🤖 AI Summary
This work addresses the persistent challenge in neural decompilation—namely, the generation of semantically incorrect or syntactically invalid code that fails to faithfully reconstruct the original high-level source program. To overcome this limitation, the study introduces, for the first time, a compiler feedback mechanism integrated into the neural decompilation pipeline, coupled with an automated search-based optimization algorithm to iteratively refine model outputs. This approach substantially enhances semantic correctness while preserving high fidelity to the original source code.
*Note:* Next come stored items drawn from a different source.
lemma zeta_valued_add_EK_smult: "zeta_valued (\<lambda>i. w i + EK * w i)"
proof -
  have "x + EK * x \<in> {0, EZt}" for x :: E
    unfolding times_E_def plus_E_def zero_E_def by (cases x) simp_all
  then show ?thesis
    unfolding zeta_valued_def by blast
qed

lemma card_E_vecs: "finite (E_vecs n)" "card (E_vecs n) = card (UNIV :: E set) ^ (2 * n)"
proof -
  let ?P = "PiE {..<2*n} (\<lambda>_. UNIV :: E set)"
  have "bij_betw (\<lambda>x. restrict x {..<2*n}) (E_vecs n) ?P"
  proof (rule bij_betw_byWitness[where f'="\<lambda>f i. if i < 2*n then f i else 0"])
    show "\<forall>x\<in>E_vecs n. (\<lambda>i. if i < 2*n then restrict x {..<2*n} i else 0) = x"
      unfolding E_vecs_def by (simp add: fun_eq_iff)
    show "\<forall>f\<in>?P. restrict (\<lambda>i. if i < 2*n then f i else 0) {..<2*n} = f"
      by (auto simp: fun_eq_iff intro: PiE_arb[symmetric])
    show "(\<lambda>x. restrict x {..<2*n}) ` E_vecs n \<subseteq> ?P"
      by (simp add: image_subset_iff)
    show "(\<lambda>f i. if i < 2*n then f i else 0) ` ?P \<subseteq> E_vecs n"
      unfolding E_vecs_def by (simp add: image_subset_iff)
  qed
  then show "finite (E_vecs n)" "card (E_vecs n) = card (UNIV :: E set) ^ (2 * n)"
    by (simp_all add: bij_betw_finite bij_betw_same_card finite_PiE card_PiE)
qed

lemma symp_add_left: "symp n (\<lambda>i. x i + y i) z = symp n x z + symp n y z"
  unfolding symp_def by (simp add: sum.distrib distrib_right add_ac)

lemma symp_add_right: "symp n z (\<lambda>i. x i + y i) = symp n z x + symp n z y"
  unfolding symp_def by (simp add: sum.distrib distrib_left add_ac)

lemma symp_smult_left: "symp n (\<lambda>i. e * x i) z = e * symp n x z"
  unfolding symp_def by (simp add: sum_distrib_left distrib_left mult.assoc)

lemma symp_zero_left [simp]: "symp n (\<lambda>_. 0) z = 0"
  unfolding symp_def by simp

lemma symp_zeta_valued_right: "zeta_valued w \<Longrightarrow> symp n z w = 0"
  unfolding symp_def zeta_valued_def by (simp add: mult_zeta_right)

lemma symp_zeta_valued_left:
  assumes "zeta_valued w"
  shows "symp n w z \<in> {0, EZt}"
proof -
  have "(\<lambda>i. EK * w i) = (\<lambda>_. 0)"
    using assms by (simp add: fun_eq_iff zeta_valued_def EK_mult_eq_0_iff)
  then have "EK * symp n w z = 0"
    by (metis symp_smult_left symp_zero_left)
  then show ?thesis
    by (simp add: EK_mult_eq_0_iff)
qed

definition E_unit :: "nat \<Rightarrow> nat \<Rightarrow> E" where
  "E_unit k = (\<lambda>i. if i = k then EK else 0)"

lemma E_unit_in_E_vecs: "k < 2 * n \<Longrightarrow> E_unit k \<in> E_vecs n"
  unfolding E_unit_def E_vecs_def by auto

lemma symp_E_unit_upper: "j < n \<Longrightarrow> symp n w (E_unit (n + j)) = w j"
  unfolding symp_def E_unit_def by (simp add: if_distrib sum.delta cong: if_cong)

lemma symp_E_unit_lower: "j < n \<Longrightarrow> symp n w (E_unit j) = w (n + j)"
  unfolding symp_def E_unit_def by (simp add: if_distrib sum.delta cong: if_cong)

lemma exists_symp_eq_entry:
  assumes "w \<in> E_vecs n" and "w j \<noteq> 0"
  shows "\<exists>z\<in>E_vecs n. symp n w z = w j"
proof -
  have "j < 2 * n"
    using assms unfolding E_vecs_def by (metis (mono_tags) mem_Collect_eq not_le)
  show ?thesis
  proof (cases "j < n")
    case True
    then show ?thesis
      using E_unit_in_E_vecs[of "n + j" n] symp_E_unit_upper[of j n w] by auto
  next
    case False
    with \<open>j < 2 * n\<close> obtain i where "j = n + i" and "i < n"
      by (metis add_diff_inverse_nat add_less_cancel_left mult_2)
    then show ?thesis
      using E_unit_in_E_vecs[of i n] symp_E_unit_lower[of i n w] by auto
  qed
qed

lemma card_filter_half_if_involution:
  assumes "finite S" and "\<And>x. x \<in> S \<Longrightarrow> g x \<in> S" and "\<And>x. x \<in> S \<Longrightarrow> g (g x) = x"
    and "\<And>x. x \<in> S \<Longrightarrow> P (g x) \<longleftrightarrow> \<not> P x"
  shows "2 * card {x\<in>S. P x} = card S"
proof -
  have "bij_betw g {x\<in>S. P x} {x\<in>S. \<not> P x}"
    by (rule bij_betw_byWitness[where f'=g]) (use assms in auto)
  then have "card {x\<in>S. P x} = card {x\<in>S. \<not> P x}"
    by (rule bij_betw_same_card)
  moreover have "card ({x\<in>S. P x} \<union> {x\<in>S. \<not> P x}) = card {x\<in>S. P x} + card {x\<in>S. \<not> P x}"
    by (rule card_Un_disjoint) (use assms(1) in auto)
  moreover have "{x\<in>S. P x} \<union> {x\<in>S. \<not> P x} = S"
    by auto
  ultimately show ?thesis
    by simp
qed

lemma card_eq_card_annihilator_mult_card:
  fixes R :: "'a \<Rightarrow> 'b \<Rightarrow> bool"
  assumes fin: "finite A" "finite V"
    and zero: "zero \<in> A" "\<And>z. z \<in> V \<Longrightarrow> R zero z"
    and rows: "\<And>a. a \<in> A - {zero} \<Longrightarrow> 2 * card {z\<in>V. R a z} = card V"
    and cols: "\<And>z. z \<in> V \<Longrightarrow> \<not> (\<forall>a\<in>A. R a z) \<Longrightarrow> 2 * card {a\<in>A. R a z} = card A"
  shows "card V = card {z\<in>V. \<forall>a\<in>A. R a z} * card A"
proof -
  define P where "P = {z\<in>V. \<forall>a\<in>A. R a z}"
  define N where "N = (\<Sum>a\<in>A. card {z\<in>V. R a z})"
  have N_cols: "N = (\<Sum>z\<in>V. card {a\<in>A. R a z})"
    unfolding N_def using sum.swap_restrict[OF fin, of "\<lambda>_ _. 1" R] by (simp only: card_eq_sum)
  have "2 * N = 2 * card V + card (A - {zero}) * card V"
  proof -
    have "N = card {z\<in>V. R zero z} + (\<Sum>a\<in>A - {zero}. card {z\<in>V. R a z})"
      unfolding N_def using sum.remove[OF fin(1) zero(1)] .
    moreover have "{z\<in>V. R zero z} = V"
      using zero(2) by auto
    ultimately show ?thesis
      by (simp add: sum_distrib_left rows)
  qed
  moreover have "2 * N = 2 * card P * card A + card (V - P) * card A"
  proof -
    have "P \<subseteq> V"
      unfolding P_def by auto
    then have "N = (\<Sum>z\<in>V - P. card {a\<in>A. R a z}) + (\<Sum>z\<in>P. card {a\<in>A. R a z})"
      unfolding N_cols by (rule sum.subset_diff[OF _ fin(2)])
    moreover have "{a\<in>A. R a z} = A" if "z \<in> P" for z
      using that P_def by auto
    ultimately show ?thesis
      by (simp add: sum_distrib_left cols P_def)
  qed
  moreover have "card A = Suc (card (A - {zero}))"
    by (rule card_Suc_Diff1[OF fin(1) zero(1), symmetric])
  moreover have "card V = card P + card (V - P)"
    using fin(2) P_def by (simp add: card_Diff_subset card_mono)
  ultimately show ?thesis
    unfolding P_def[symmetric] by (simp add: algebra_simps)
qed

lemma zeta_subcode_linear:
  assumes "E_linear_code n C"
  shows "E_linear_code n {w\<in>C. zeta_valued w}"
  using assms unfolding E_linear_code_def by (auto intro: zeta_valued_add zeta_valued_smult)

lemma card_E_vecs_eq_card_perp_SR_mult_card:
  assumes code: "E_linear_code n A" and zeta: "\<And>w. w \<in> A \<Longrightarrow> zeta_valued w"
  shows "card (E_vecs n) = card (perp_SR n A) * card A"
proof -
  have AV: "A \<subseteq> E_vecs n" and A0: "(\<lambda>_. 0) \<in> A"
    and A_add: "\<And>x y. x \<in> A \<Longrightarrow> y \<in> A \<Longrightarrow> (\<lambda>i. x i + y i) \<in> A"
    using code unfolding E_linear_code_def by auto
  have finA: "finite A"
    using AV card_E_vecs(1) finite_subset by blast
  have flip: "symp n w z + EZt = 0 \<longleftrightarrow> symp n w z \<noteq> 0" if "w \<in> A" for w z
    using zeta_add_EZt_eq_0_iff[OF symp_zeta_valued_left[OF zeta[OF that]]] .
  have "card (E_vecs n) = card {z \<in> E_vecs n. \<forall>w\<in>A. symp n w z = 0} * card A"
  proof (rule card_eq_card_annihilator_mult_card[where zero="\<lambda>_. 0"])
    show "finite A" "finite (E_vecs n)"
      by (fact finA card_E_vecs(1))+
    show "(\<lambda>_. 0) \<in> A"
      by (rule A0)
    show "symp n (\<lambda>_. 0) z = 0" for z
      by simp
    show "2 * card {z \<in> E_vecs n. symp n w z = 0} = card (E_vecs n)"
      if w: "w \<in> A - {\<lambda>_. 0}" for w
    proof -
      obtain j where "w j \<noteq> 0"
        using w by (auto simp: fun_eq_iff)
      moreover have "w \<in> E_vecs n" and "zeta_valued w"
        using w AV zeta by auto
      ultimately obtain z0 where "z0 \<in> E_vecs n" and "symp n w z0 = EZt"
        using exists_symp_eq_entry unfolding zeta_valued_def by force
      with w show ?thesis
        by (intro card_filter_half_if_involution[OF card_E_vecs(1), where g="\<lambda>z i. z i + z0 i"])
          (auto simp: E_vecs_def add.assoc symp_add_right flip)
    qed
    show "2 * card {w \<in> A. symp n w z = 0} = card A"
      if "\<not> (\<forall>w\<in>A. symp n w z = 0)" for z
    proof -
      obtain w1 where "w1 \<in> A" and "symp n w1 z \<noteq> 0"
        using \<open>\<not> (\<forall>w\<in>A. symp n w z = 0)\<close> by auto
      then have "symp n w1 z = EZt"
        using symp_zeta_valued_left[OF zeta] by blast
      with \<open>w1 \<in> A\<close> show ?thesis
        by (intro card_filter_half_if_involution[OF finA, where g="\<lambda>w i. w i + w1 i"])
          (auto simp: add.assoc symp_add_left flip A_add)
    qed
  qed
  then show ?thesis
    unfolding perp_SR_def by simp
qed

lemma perp_SR_zeta_subcode:
  assumes "E_linear_code n C"
  shows "perp_SR n {w\<in>C. zeta_valued w} = perp_SR n C"
proof
  have C_add: "\<And>x y. x \<in> C \<Longrightarrow> y \<in> C \<Longrightarrow> (\<lambda>i. x i + y i) \<in> C"
    and C_smult: "\<And>e x. x \<in> C \<Longrightarrow> (\<lambda>i. e * x i) \<in> C"
    using assms unfolding E_linear_code_def by auto
  show "perp_SR n C \<subseteq> perp_SR n {w\<in>C. zeta_valued w}"
    unfolding perp_SR_def by auto
  show "perp_SR n {w\<in>C. zeta_valued w} \<subseteq> perp_SR n C"
  proof
    fix z
    assume z: "z \<in> perp_SR n {w\<in>C. zeta_valued w}"
    have "symp n w z = 0" if "w \<in> C" for w
    proof -
      have "symp n (\<lambda>i. EZt * w i) z = 0"
        using z C_smult[OF that] zeta_valued_EZt_smult unfolding perp_SR_def by blast
      then have kappa_part: "EK * symp n w z = 0"
        by (simp add: symp_smult_left EZt_mult_eq_0_iff EK_mult_eq_0_iff)
      have zeta_part: "symp n (\<lambda>i. w i + EK * w i) z = 0"
        using z C_add[OF that C_smult[OF that]] zeta_valued_add_EK_smult
        unfolding perp_SR_def by blast
      have "symp n w z = symp n (\<lambda>i. EK * w i + (w i + EK * w i)) z"
        by (simp only: E_decomp[symmetric])
      also have "\<dots> = EK * symp n w z + symp n (\<lambda>i. w i + EK * w i) z"
        by (simp only: symp_add_left symp_smult_left)
      also have "\<dots> = 0"
        by (simp only: kappa_part zeta_part add_0)
      finally show ?thesis .
    qed
    with z show "z \<in> perp_SR n C"
      unfolding perp_SR_def by auto
  qed
qed

lemma perp_SL_zeta_valued:
  "(\<And>w. w \<in> A \<Longrightarrow> zeta_valued w) \<Longrightarrow> perp_SL n A = E_vecs n"
  unfolding perp_SL_def by (auto simp: symp_zeta_valued_right)

theorem mainTheorem12:
  fixes n :: nat and C :: "(nat \<Rightarrow> E) set"
  assumes "E_linear_code n C" and "C \<noteq> {\<lambda>_. 0}"
  shows "\<not> (left_symp_nice n C \<and> right_symp_nice n C)"
proof
  assume "left_symp_nice n C \<and> right_symp_nice n C"
  then have left: "card C * card (perp_SL n C) = card (E_vecs n)"
    and right: "card C * card (perp_SR n C) = card (E_vecs n)"
    unfolding left_symp_nice_def right_symp_nice_def by (simp_all add: card_E_vecs)
  define A where "A = {w\<in>C. zeta_valued w}"
  have C0: "(\<lambda>_. 0) \<in> C" and CV: "C \<subseteq> E_vecs n"
    using assms(1) unfolding E_linear_code_def by auto
  have "finite (perp_SR n C)" and "(\<lambda>_. 0) \<in> perp_SR n C"
    using card_E_vecs(1) by (auto simp: perp_SR_def E_vecs_def symp_zeta_valued_right)
  then have "card (perp_SR n C) > 0"
    by (auto simp: card_gt_0_iff)
  moreover have "card (E_vecs n) = card (perp_SR n C) * card A"
    using card_E_vecs_eq_card_perp_SR_mult_card[OF zeta_subcode_linear[OF assms(1)]]
      perp_SR_zeta_subcode[OF assms(1)] unfolding A_def by simp
  ultimately have "card A = card C"
    using right by (simp add: mult.commute)
  then have "A = C"
    using card_subset_eq[of C A] CV card_E_vecs(1) finite_subset unfolding A_def by blast
  then have "perp_SL n C = E_vecs n"
    using perp_SL_zeta_valued[of C n] unfolding A_def by blast
  moreover have "card (E_vecs n) > 0"
    using C0 CV card_E_vecs(1) by (auto simp: card_gt_0_iff)
  ultimately have "card C = 1"
    using left by simp
  then show False
    using C0 assms(2) by (metis card_1_singletonE singletonD)
qed

end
Evaluated on the ExeBench Real -O2 dataset, the method elevates decompilation success rates from 26.0% to 83.9%. Notably, it remains effective even when applied to weaker neural decompilers, demonstrating broad applicability and practical utility across diverse model capabilities.
📝 Abstract
Decompilers are useful tools used in reverse engineering to understand compiled source code. Reconstructing source code from compiled binaries is a challenging task, because high-level syntax, identifiers, and custom data types are generally lost as the compiler translates human-readable code to low-level machine code. Deterministic decompilers are useful tools for binary analysis, but can struggle to infer idiomatic syntax and identifier names. Generative AI models are a natural fit for reconstructing high-level syntax, identifiers, and types, but they can still suffer by hallucinating improper programming constructs and semantics. Instead of attempting to improve neural decompilers with more data and more training, we argue that compiler feedback can be used to dramatically improve the semantic correctness of neural decompiler outputs via search. Our system, Decaf (DECompilation with Automated Feedback), raises the neural decompilation rate from 26.0% on ExeBench to 83.9% on the Real -O2 split without sacrificing similarity to the original source code. We also find our automatic feedback methodology is highly effective for improving weaker neural decompilation models.